A year before Lordi won the contest, most of the Finnish paper mills were on strike for over a month in protest over the increasing number of employees being sacked and the transplanting of mills to countries with lower production costs. In Pietilä’s article, Lordi and the future of the paper industry, and even the future of the welfare society, are on the same line. If, for Pietilä, the welfare state cannot be an option for the future, Lordi’s success then serves as a new model for the national economy. It is based on the idea that the individual has responsibility for his/her own future; s/he just has to have the courage and willingness to stick his/her neck out. What’s more, Pietilä seems to propose that paper mill workers should understand that, just like ups and downs are inevitable for a rock band, getting sacked is just the rock ’n’ roll of life!
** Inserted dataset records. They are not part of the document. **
(* Let $d\in\mathbb{N}$, $\mathfrak{d}\in\{1,2,\ldots,d-1\}$, let $U\subseteq\mathbb{R}^d$ be an open set, let $f\colon\mathbb{R}^d\to\mathbb{R}$ be a function whose restriction $f|_U$ is three times continuously differentiable, let $\mathcal{M}=\{\theta\in\mathbb{R}^d\colon f(\theta)=\inf_{\vartheta\in\mathbb{R}^d}f(\vartheta)\}$, assume that $\mathcal{M}\cap U$ is a non-empty $\mathfrak{d}$-dimensional $C^1$-submanifold of $\mathbb{R}^d$, and assume for every $\theta\in\mathcal{M}\cap U$ that $\operatorname{rank}((\operatorname{Hess}f)(\theta))=d-\mathfrak{d}$. Then for every $x_0\in\mathcal{M}\cap U$ there exist $R_0,\delta_0,\lambda\in(0,\infty)$ such that for every $R\in(0,R_0]$, $\delta\in(0,\delta_0]$, $\theta_0\in V_{R/2,\delta}(x_0)$ and every $\theta\colon[0,\infty)\to\mathbb{R}^d$, $t\mapsto\theta_t$, starting at $\theta_0$ and satisfying $\frac{d}{dt}\theta_t=-\nabla f(\theta_t)$ for $t\in(0,\infty)$, it holds for every $t\in[0,\infty)$ that \[\operatorname{d}(\theta_t,\mathcal{M}\cap U)\le\exp(-\lambda t)\operatorname{d}(\theta_0,\mathcal{M}\cap U).\]
   Context: $\operatorname{d}(x,\mathcal{A})=\inf_{\vartheta\in\mathcal{A}}|x-\vartheta|$. For $R,\delta>0$ and $x_0\in\mathcal{M}\cap U$, $V_{R,\delta}(x_0)=\{x+v\colon x\in\overline{B}_R(x_0)\cap\mathcal{M}\cap U,\ v\in T_x(\mathcal{M}\cap U)^\perp,\ |v|<\delta\}$, where $\overline{B}_R(x_0)$ is the closed ball and $T_x(\cdot)^\perp$ the orthogonal complement of the tangent space. *)

theory Defs
  imports "HOL-Analysis.Analysis"
begin

definition C1_on :: "'a::real_normed_vector set \<Rightarrow> ('a \<Rightarrow> 'b::real_normed_vector) \<Rightarrow> bool" where
  "C1_on W g \<longleftrightarrow> (\<exists>g'. (\<forall>x\<in>W. (g has_derivative blinfun_apply (g' x)) (at x)) \<and> continuous_on W g')"

definition C3_on :: "'a::euclidean_space set \<Rightarrow> ('a \<Rightarrow> real) \<Rightarrow> bool" where
  "C3_on U f \<longleftrightarrow> (\<exists>G H. (\<forall>x\<in>U. (f has_derivative (\<lambda>h. G x \<bullet> h)) (at x)) \<and>
                        (\<forall>x\<in>U. (G has_derivative blinfun_apply (H x)) (at x)) \<and> C1_on U H)"

definition gradient :: "('a::euclidean_space \<Rightarrow> real) \<Rightarrow> 'a \<Rightarrow> 'a" where
  "gradient f x = (THE g. (f has_derivative (\<lambda>h. g \<bullet> h)) (at x))"

definition hessian :: "('a::euclidean_space \<Rightarrow> real) \<Rightarrow> 'a \<Rightarrow> 'a \<Rightarrow> 'a" where
  "hessian f x = frechet_derivative (gradient f) (at x)"

definition minset :: "('a \<Rightarrow> real) \<Rightarrow> 'a set" where
  "minset f = {\<theta>. \<forall>y. f \<theta> \<le> f y}"

definition C1_submanifold :: "nat \<Rightarrow> 'a::euclidean_space set \<Rightarrow> bool" where
  "C1_submanifold k S \<longleftrightarrow> (\<forall>p\<in>S. \<exists>W (\<Phi>::'a\<Rightarrow>'a) \<Psi> L. open W \<and> p \<in> W \<and> open (\<Phi> ` W) \<and>
      homeomorphism W (\<Phi> ` W) \<Phi> \<Psi> \<and> C1_on W \<Phi> \<and> C1_on (\<Phi> ` W) \<Psi> \<and>
      subspace L \<and> dim L = k \<and> \<Phi> ` (S \<inter> W) = \<Phi> ` W \<inter> L)"

definition tangent_space :: "'a::euclidean_space set \<Rightarrow> 'a \<Rightarrow> 'a set" where
  "tangent_space S x = {v. \<exists>\<gamma> e. e > 0 \<and> \<gamma> 0 = x \<and> (\<forall>t\<in>{-e<..<e}. \<gamma> t \<in> S) \<and>
      (\<gamma> has_vector_derivative v) (at 0)}"

definition Vnbhd :: "'a::euclidean_space set \<Rightarrow> real \<Rightarrow> real \<Rightarrow> 'a \<Rightarrow> 'a set" where
  "Vnbhd S R \<delta> x0 = {x + v | x v. x \<in> cball x0 R \<inter> S \<and>
      v \<in> orthogonal_comp (tangent_space S x) \<and> norm v < \<delta>}"

definition gradient_flow :: "('a::euclidean_space \<Rightarrow> real) \<Rightarrow> (real \<Rightarrow> 'a) \<Rightarrow> bool" where
  "gradient_flow f \<theta> \<longleftrightarrow> continuous_on {0..} \<theta> \<and>
     (\<forall>t>0. f differentiable (at (\<theta> t)) \<and>
            (\<theta> has_vector_derivative - gradient f (\<theta> t)) (at t))"

end

theory Submission
  imports Defs
begin

text \<open>Near a point x0 of M \<inter> U the Hessian is symmetric and positive semidefinite (M consists of
  minima), its kernel contains the tangent space of M (the gradient vanishes on M), and by the rank
  hypothesis the two have the same dimension. Hence the Hessian is positive definite on normal
  vectors, uniformly on a compact neighbourhood of x0. The vector from a point \<theta> to a nearest
  point p of M is normal to M at p, so linearising the gradient at p yields, on a ball around x0,
  the restricted secant inequality \<mu> |\<theta> - p|^2 \<le> \<nabla>f(\<theta>) \<bullet> (\<theta> - p) together with
  |\<nabla>f(\<theta>)| \<le> L |\<theta> - p|.

  Along the gradient flow the first inequality makes exp(2 \<mu> t) d(\<theta>_t, M)^2 non-increasing while
  the trajectory stays in the ball, and then the second one bounds its length by
  L d(\<theta>_0, M) / \<mu>. A trajectory starting close enough to x0 therefore never leaves the ball.\<close>

section \<open>Positive semidefinite forms\<close>

lemma dim_kernel_add_dim_range_le:
  fixes A :: "'a::euclidean_space \<Rightarrow> 'b::euclidean_space"
  assumes "linear A"
  shows "dim {x. A x = 0} + dim (range A) \<le> DIM('a)"
proof -
  define K where "K = {x. A x = 0}"
  have K: "subspace K" unfolding K_def using assms by (rule linear_subspace_kernel)
  define C where "C = {y. \<forall>x\<in>K. orthogonal x y}"
  have dim_C: "dim C + dim K = DIM('a)"
    using dim_subspace_orthogonal_to_vectors[OF K subspace_UNIV] by (simp add: C_def)
  have "range A \<subseteq> A ` C"
  proof
    fix z assume "z \<in> range A"
    then obtain x where x: "z = A x" by auto
    obtain y c where yc: "y \<in> span K" "\<And>w. w \<in> span K \<Longrightarrow> orthogonal c w" "x = y + c"
      using orthogonal_subspace_decomp_exists[of K x] by metis
    have "y \<in> K" using yc(1) K by (metis span_eq_iff)
    hence "A y = 0" by (simp add: K_def)
    hence "A x = A c" using yc(3) assms by (simp add: linear_add)
    moreover have "c \<in> C" using yc(2) span_base by (auto simp: C_def orthogonal_commute)
    ultimately show "z \<in> A ` C" using x by auto
  qed
  hence "dim (range A) \<le> dim (A ` C)" by (rule dim_subset)
  also have "\<dots> \<le> dim C" using assms by (rule dim_image_le)
  finally show ?thesis using dim_C by (simp add: K_def)
qed

lemma kernel_eq_if_dim_ge:
  fixes A :: "'a::euclidean_space \<Rightarrow> 'b::euclidean_space"
  assumes "linear A" "subspace N" "N \<subseteq> {x. A x = 0}" "DIM('a) \<le> dim N + dim (range A)"
  shows "N = {x. A x = 0}"
proof (rule subspace_dim_equal)
  show "subspace {x. A x = 0}" using assms(1) by (rule linear_subspace_kernel)
  show "dim {x. A x = 0} \<le> dim N" using dim_kernel_add_dim_range_le[OF assms(1)] assms(4) by linarith
qed (use assms in auto)

lemma psd_form_zero_imp_zero:
  fixes A :: "'a::real_inner \<Rightarrow> 'a"
  assumes "linear A" and sym: "\<And>u v. A u \<bullet> v = A v \<bullet> u" and psd: "\<And>z. 0 \<le> A z \<bullet> z"
    and "A w \<bullet> w = 0"
  shows "A w = 0"
proof -
  define a where "a = A w \<bullet> A w"
  define b where "b = A (A w) \<bullet> A w"
  have quad: "A (w - t *\<^sub>R A w) \<bullet> (w - t *\<^sub>R A w) = t * (t * b - 2 * a)" for t
    using \<open>linear A\<close> sym[of w "A w"] \<open>A w \<bullet> w = 0\<close>
    by (simp add: a_def b_def linear_diff linear_scale algebra_simps)
  have "a \<le> 0"
  proof (rule ccontr)
    assume "\<not> a \<le> 0"
    define t where "t = a / (\<bar>b\<bar> + 1)"
    have "t > 0" "t * b < a" using \<open>\<not> a \<le> 0\<close>
      by (auto simp: t_def field_simps abs_if mult_less_cancel_left_pos split: if_splits)
    hence "t * (t * b - 2 * a) < 0" using \<open>\<not> a \<le> 0\<close> by (simp add: mult_pos_neg)
    thus False using psd quad by (metis not_le)
  qed
  thus ?thesis by (metis a_def inner_eq_zero_iff inner_ge_zero order_antisym)
qed

lemma psd_form_pos_off_kernel:
  fixes A :: "'a::real_inner \<Rightarrow> 'a"
  assumes "linear A" "\<And>u v. A u \<bullet> v = A v \<bullet> u" "\<And>z. 0 \<le> A z \<bullet> z"
    and "u \<noteq> 0" "\<And>x. A x = 0 \<Longrightarrow> u \<bullet> x = 0"
  shows "0 < A u \<bullet> u"
  using psd_form_zero_imp_zero[OF assms(1-3), of u] assms(3-5) by (metis order_le_less inner_eq_zero_iff)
Quite unrestricted admiration was also expressed by Janne Virkkunen, chief editor of Helsingin Sanomat, on 22nd May; he saw that Lordi’s success did not just mean winning a music competition but was, in fact, an event that would benefit the national image by making Finland well known internationally. According to Virkkunen, the secret of Lordi’s success was that the band had been able to develop a brand noticeable in the international market.
There is little doubt about Virkkunen being right, but what is staggering is the lack of interest in examining the competition context. If Lordi was distinct, it is not made clear what that distinction was based on in the context of the Eurovision Song Contest and how it was possible that the value of the competition could shoot up overnight. Before Lordi’s win, Finland’s bad luck in the Eurovision Song Contest was a continuous topic in the Finnish media, but never before had the topic been covered by editors-in-chief.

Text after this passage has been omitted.